◆ **Records from a collection**:
↓

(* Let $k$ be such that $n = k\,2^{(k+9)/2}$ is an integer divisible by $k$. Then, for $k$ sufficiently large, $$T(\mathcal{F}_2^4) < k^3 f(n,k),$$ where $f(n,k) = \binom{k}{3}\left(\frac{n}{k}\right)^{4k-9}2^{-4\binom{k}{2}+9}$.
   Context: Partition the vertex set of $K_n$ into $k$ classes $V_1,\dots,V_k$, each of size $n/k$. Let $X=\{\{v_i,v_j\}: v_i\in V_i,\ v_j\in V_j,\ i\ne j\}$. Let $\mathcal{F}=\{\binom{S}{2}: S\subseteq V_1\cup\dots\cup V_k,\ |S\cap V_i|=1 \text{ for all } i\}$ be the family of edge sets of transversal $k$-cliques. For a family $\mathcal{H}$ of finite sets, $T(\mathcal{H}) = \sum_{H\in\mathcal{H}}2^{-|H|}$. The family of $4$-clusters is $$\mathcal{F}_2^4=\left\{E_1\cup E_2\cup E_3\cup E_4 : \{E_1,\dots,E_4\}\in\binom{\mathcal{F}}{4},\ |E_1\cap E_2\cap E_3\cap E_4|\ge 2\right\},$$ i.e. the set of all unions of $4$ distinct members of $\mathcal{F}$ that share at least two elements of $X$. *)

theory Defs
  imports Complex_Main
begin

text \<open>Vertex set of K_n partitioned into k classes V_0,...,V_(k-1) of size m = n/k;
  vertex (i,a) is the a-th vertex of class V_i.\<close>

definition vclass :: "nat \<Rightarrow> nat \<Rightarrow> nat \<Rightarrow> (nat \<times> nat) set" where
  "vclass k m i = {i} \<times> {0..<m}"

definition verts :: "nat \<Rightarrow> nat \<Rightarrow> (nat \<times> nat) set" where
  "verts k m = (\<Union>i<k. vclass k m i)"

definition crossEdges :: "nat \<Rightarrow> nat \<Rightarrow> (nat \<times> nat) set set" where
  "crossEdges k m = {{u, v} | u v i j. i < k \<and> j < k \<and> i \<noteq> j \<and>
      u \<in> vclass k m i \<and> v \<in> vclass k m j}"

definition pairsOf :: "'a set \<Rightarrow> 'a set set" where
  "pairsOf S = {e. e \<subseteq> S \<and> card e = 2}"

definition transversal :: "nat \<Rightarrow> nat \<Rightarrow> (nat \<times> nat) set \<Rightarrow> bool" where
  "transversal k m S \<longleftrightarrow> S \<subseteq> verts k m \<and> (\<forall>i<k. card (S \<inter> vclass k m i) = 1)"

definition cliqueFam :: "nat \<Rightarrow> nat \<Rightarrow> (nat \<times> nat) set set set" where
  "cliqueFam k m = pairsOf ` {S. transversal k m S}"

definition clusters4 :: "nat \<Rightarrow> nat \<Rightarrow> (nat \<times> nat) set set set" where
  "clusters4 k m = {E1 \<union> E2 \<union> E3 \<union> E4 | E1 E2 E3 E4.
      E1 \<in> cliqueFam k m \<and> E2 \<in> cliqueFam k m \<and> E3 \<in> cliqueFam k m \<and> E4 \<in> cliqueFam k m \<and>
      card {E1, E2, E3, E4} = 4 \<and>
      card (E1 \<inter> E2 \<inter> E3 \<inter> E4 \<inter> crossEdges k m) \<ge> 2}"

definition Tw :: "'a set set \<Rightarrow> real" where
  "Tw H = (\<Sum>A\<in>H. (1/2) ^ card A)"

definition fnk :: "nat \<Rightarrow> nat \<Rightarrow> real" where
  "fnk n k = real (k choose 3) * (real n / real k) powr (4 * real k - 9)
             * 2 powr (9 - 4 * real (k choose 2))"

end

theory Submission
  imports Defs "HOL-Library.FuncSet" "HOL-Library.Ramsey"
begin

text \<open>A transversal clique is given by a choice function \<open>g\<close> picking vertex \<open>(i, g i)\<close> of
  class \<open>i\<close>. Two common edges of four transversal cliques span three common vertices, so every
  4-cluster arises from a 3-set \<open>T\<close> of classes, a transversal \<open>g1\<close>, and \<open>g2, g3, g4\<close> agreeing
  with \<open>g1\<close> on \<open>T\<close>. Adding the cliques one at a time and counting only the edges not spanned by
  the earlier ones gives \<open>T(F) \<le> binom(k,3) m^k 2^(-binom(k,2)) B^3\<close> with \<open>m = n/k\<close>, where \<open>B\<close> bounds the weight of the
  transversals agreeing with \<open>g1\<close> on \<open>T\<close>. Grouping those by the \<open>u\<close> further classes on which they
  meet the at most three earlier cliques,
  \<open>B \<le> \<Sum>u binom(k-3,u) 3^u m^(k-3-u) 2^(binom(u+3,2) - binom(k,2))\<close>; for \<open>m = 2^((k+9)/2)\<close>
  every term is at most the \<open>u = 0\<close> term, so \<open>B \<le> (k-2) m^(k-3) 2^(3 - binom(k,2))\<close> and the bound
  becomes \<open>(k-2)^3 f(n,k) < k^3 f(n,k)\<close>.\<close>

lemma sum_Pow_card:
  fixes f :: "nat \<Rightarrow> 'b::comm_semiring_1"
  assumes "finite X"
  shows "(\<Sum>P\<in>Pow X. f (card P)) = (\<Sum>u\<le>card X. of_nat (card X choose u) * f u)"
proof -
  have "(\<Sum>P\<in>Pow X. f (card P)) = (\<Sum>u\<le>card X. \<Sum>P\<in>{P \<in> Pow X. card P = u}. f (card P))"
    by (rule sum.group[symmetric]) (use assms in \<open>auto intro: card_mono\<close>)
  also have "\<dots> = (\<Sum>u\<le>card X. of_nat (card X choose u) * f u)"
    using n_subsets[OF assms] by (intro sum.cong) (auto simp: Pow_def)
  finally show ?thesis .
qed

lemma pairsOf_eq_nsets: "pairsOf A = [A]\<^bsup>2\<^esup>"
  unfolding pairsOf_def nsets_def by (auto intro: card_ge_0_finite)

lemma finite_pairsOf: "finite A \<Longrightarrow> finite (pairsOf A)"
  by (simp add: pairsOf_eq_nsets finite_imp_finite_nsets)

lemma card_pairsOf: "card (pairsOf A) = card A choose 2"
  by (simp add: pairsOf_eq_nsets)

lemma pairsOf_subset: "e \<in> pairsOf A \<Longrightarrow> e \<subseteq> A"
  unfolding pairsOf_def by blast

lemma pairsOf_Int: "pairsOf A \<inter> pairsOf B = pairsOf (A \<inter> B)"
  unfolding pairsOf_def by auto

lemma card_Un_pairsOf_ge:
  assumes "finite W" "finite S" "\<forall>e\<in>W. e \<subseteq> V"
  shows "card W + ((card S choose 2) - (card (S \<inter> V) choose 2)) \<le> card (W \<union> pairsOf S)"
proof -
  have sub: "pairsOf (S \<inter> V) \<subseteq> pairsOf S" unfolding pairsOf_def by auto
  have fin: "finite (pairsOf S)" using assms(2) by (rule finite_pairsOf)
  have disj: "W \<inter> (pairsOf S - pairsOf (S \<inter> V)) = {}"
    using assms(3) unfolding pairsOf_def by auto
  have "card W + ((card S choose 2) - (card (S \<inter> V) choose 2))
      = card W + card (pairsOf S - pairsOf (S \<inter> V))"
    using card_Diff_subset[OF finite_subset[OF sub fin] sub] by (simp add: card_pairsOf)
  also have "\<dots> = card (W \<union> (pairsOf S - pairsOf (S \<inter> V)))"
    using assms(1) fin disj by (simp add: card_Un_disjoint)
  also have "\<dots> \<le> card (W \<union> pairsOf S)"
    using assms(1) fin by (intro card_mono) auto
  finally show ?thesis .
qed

↑

◆ **What this task involves**:
Transcribe the data in full, matching every line exactly.

◆ **Written solution**:
(* Let $k$ be such that $n = k\,2^{(k+9)/2}$ is an integer divisible by $k$. Then, for $k$ sufficiently large, $$T(\mathcal{F}_2^4) < k^3 f(n,k),$$ where $f(n,k) = \binom{k}{3}\left(\frac{n}{k}\right)^{4k-9}2^{-4\binom{k}{2}+9}$.
   Context: Partition the vertex set of $K_n$ into $k$ classes $V_1,\dots,V_k$, each of size $n/k$. Let $X=\{\{v_i,v_j\}: v_i\in V_i,\ v_j\in V_j,\ i\ne j\}$. Let $\mathcal{F}=\{\binom{S}{2}: S\subseteq V_1\cup\dots\cup V_k,\ |S\cap V_i|=1 \text{ for all } i\}$ be the family of edge sets of transversal $k$-cliques. For a family $\mathcal{H}$ of finite sets, $T(\mathcal{H}) = \sum_{H\in\mathcal{H}}2^{-|H|}$. The family of $4$-clusters is $$\mathcal{F}_2^4=\left\{E_1\cup E_2\cup E_3\cup E_4 : \{E_1,\dots,E_4\}\in\binom{\mathcal{F}}{4},\ |E_1\cap E_2\cap E_3\cap E_4|\ge 2\right\},$$ i.e. the set of all unions of $4$ distinct members of $\mathcal{F}$ that share at least two elements of $X$. *)

theory Defs
  imports Complex_Main
begin

text \<open>Vertex set of K_n partitioned into k classes V_0,...,V_(k-1) of size m = n/k;
  vertex (i,a) is the a-th vertex of class V_i.\<close>

definition vclass :: "nat \<Rightarrow> nat \<Rightarrow> nat \<Rightarrow> (nat \<times> nat) set" where
  "vclass k m i = {i} \<times> {0..<m}"

definition verts :: "nat \<Rightarrow> nat \<Rightarrow> (nat \<times> nat) set" where
  "verts k m = (\<Union>i<k. vclass k m i)"

definition crossEdges :: "nat \<Rightarrow> nat \<Rightarrow> (nat \<times> nat) set set" where
  "crossEdges k m = {{u, v} | u v i j. i < k \<and> j < k \<and> i \<noteq> j \<and>
      u \<in> vclass k m i \<and> v \<in> vclass k m j}"

definition pairsOf :: "'a set \<Rightarrow> 'a set set" where
  "pairsOf S = {e. e \<subseteq> S \<and> card e = 2}"

definition transversal :: "nat \<Rightarrow> nat \<Rightarrow> (nat \<times> nat) set \<Rightarrow> bool" where
  "transversal k m S \<longleftrightarrow> S \<subseteq> verts k m \<and> (\<forall>i<k. card (S \<inter> vclass k m i) = 1)"

definition cliqueFam :: "nat \<Rightarrow> nat \<Rightarrow> (nat \<times> nat) set set set" where
  "cliqueFam k m = pairsOf ` {S. transversal k m S}"

definition clusters4 :: "nat \<Rightarrow> nat \<Rightarrow> (nat \<times> nat) set set set" where
  "clusters4 k m = {E1 \<union> E2 \<union> E3 \<union> E4 | E1 E2 E3 E4.
      E1 \<in> cliqueFam k m \<and> E2 \<in> cliqueFam k m \<and> E3 \<in> cliqueFam k m \<and> E4 \<in> cliqueFam k m \<and>
      card {E1, E2, E3, E4} = 4 \<and>
      card (E1 \<inter> E2 \<inter> E3 \<inter> E4 \<inter> crossEdges k m) \<ge> 2}"

definition Tw :: "'a set set \<Rightarrow> real" where
  "Tw H = (\<Sum>A\<in>H. (1/2) ^ card A)"

definition fnk :: "nat \<Rightarrow> nat \<Rightarrow> real" where
  "fnk n k = real (k choose 3) * (real n / real k) powr (4 * real k - 9)
             * 2 powr (9 - 4 * real (k choose 2))"

end

theory Submission
  imports Defs "HOL-Library.FuncSet" "HOL-Library.Ramsey"
begin

text \<open>A transversal clique is given by a choice function \<open>g\<close> picking vertex \<open>(i, g i)\<close> of
  class \<open>i\<close>. Two common edges of four transversal cliques span three common vertices, so every
  4-cluster arises from a 3-set \<open>T\<close> of classes, a transversal \<open>g1\<close>, and \<open>g2, g3, g4\<close> agreeing
  with \<open>g1\<close> on \<open>T\<close>. Adding the cliques one at a time and counting only the edges not spanned by
  the earlier ones gives \<open>T(F) \<le> binom(k,3) m^k 2^(-binom(k,2)) B^3\<close> with \<open>m = n/k\<close>, where \<open>B\<close> bounds the weight of the
  transversals agreeing with \<open>g1\<close> on \<open>T\<close>. Grouping those by the \<open>u\<close> further classes on which they
  meet the at most three earlier cliques,
  \<open>B \<le> \<Sum>u binom(k-3,u) 3^u m^(k-3-u) 2^(binom(u+3,2) - binom(k,2))\<close>; for \<open>m = 2^((k+9)/2)\<close>
  every term is at most the \<open>u = 0\<close> term, so \<open>B \<le> (k-2) m^(k-3) 2^(3 - binom(k,2))\<close> and the bound
  becomes \<open>(k-2)^3 f(n,k) < k^3 f(n,k)\<close>.\<close>

lemma sum_Pow_card:
  fixes f :: "nat \<Rightarrow> 'b::comm_semiring_1"
  assumes "finite X"
  shows "(\<Sum>P\<in>Pow X. f (card P)) = (\<Sum>u\<le>card X. of_nat (card X choose u) * f u)"
proof -
  have "(\<Sum>P\<in>Pow X. f (card P)) = (\<Sum>u\<le>card X. \<Sum>P\<in>{P \<in> Pow X. card P = u}. f (card P))"
    by (rule sum.group[symmetric]) (use assms in \<open>auto intro: card_mono\<close>)
  also have "\<dots> = (\<Sum>u\<le>card X. of_nat (card X choose u) * f u)"
    using n_subsets[OF assms] by (intro sum.cong) (auto simp: Pow_def)
  finally show ?thesis .
qed

lemma pairsOf_eq_nsets: "pairsOf A = [A]\<^bsup>2\<^esup>"
  unfolding pairsOf_def nsets_def by (auto intro: card_ge_0_finite)

lemma finite_pairsOf: "finite A \<Longrightarrow> finite (pairsOf A)"
  by (simp add: pairsOf_eq_nsets finite_imp_finite_nsets)

lemma card_pairsOf: "card (pairsOf A) = card A choose 2"
  by (simp add: pairsOf_eq_nsets)

lemma pairsOf_subset: "e \<in> pairsOf A \<Longrightarrow> e \<subseteq> A"
  unfolding pairsOf_def by blast

lemma pairsOf_Int: "pairsOf A \<inter> pairsOf B = pairsOf (A \<inter> B)"
  unfolding pairsOf_def by auto

lemma card_Un_pairsOf_ge:
  assumes "finite W" "finite S" "\<forall>e\<in>W. e \<subseteq> V"
  shows "card W + ((card S choose 2) - (card (S \<inter> V) choose 2)) \<le> card (W \<union> pairsOf S)"
proof -
  have sub: "pairsOf (S \<inter> V) \<subseteq> pairsOf S" unfolding pairsOf_def by auto
  have fin: "finite (pairsOf S)" using assms(2) by (rule finite_pairsOf)
  have disj: "W \<inter> (pairsOf S - pairsOf (S \<inter> V)) = {}"
    using assms(3) unfolding pairsOf_def by auto
  have "card W + ((card S choose 2) - (card (S \<inter> V) choose 2))
      = card W + card (pairsOf S - pairsOf (S \<inter> V))"
    using card_Diff_subset[OF finite_subset[OF sub fin] sub] by (simp add: card_pairsOf)
  also have "\<dots> = card (W \<union> (pairsOf S - pairsOf (S \<inter> V)))"
    using assms(1) fin disj by (simp add: card_Un_disjoint)
  also have "\<dots> \<le> card (W \<union> pairsOf S)"
    using assms(1) fin by (intro card_mono) auto
  finally show ?thesis .
qed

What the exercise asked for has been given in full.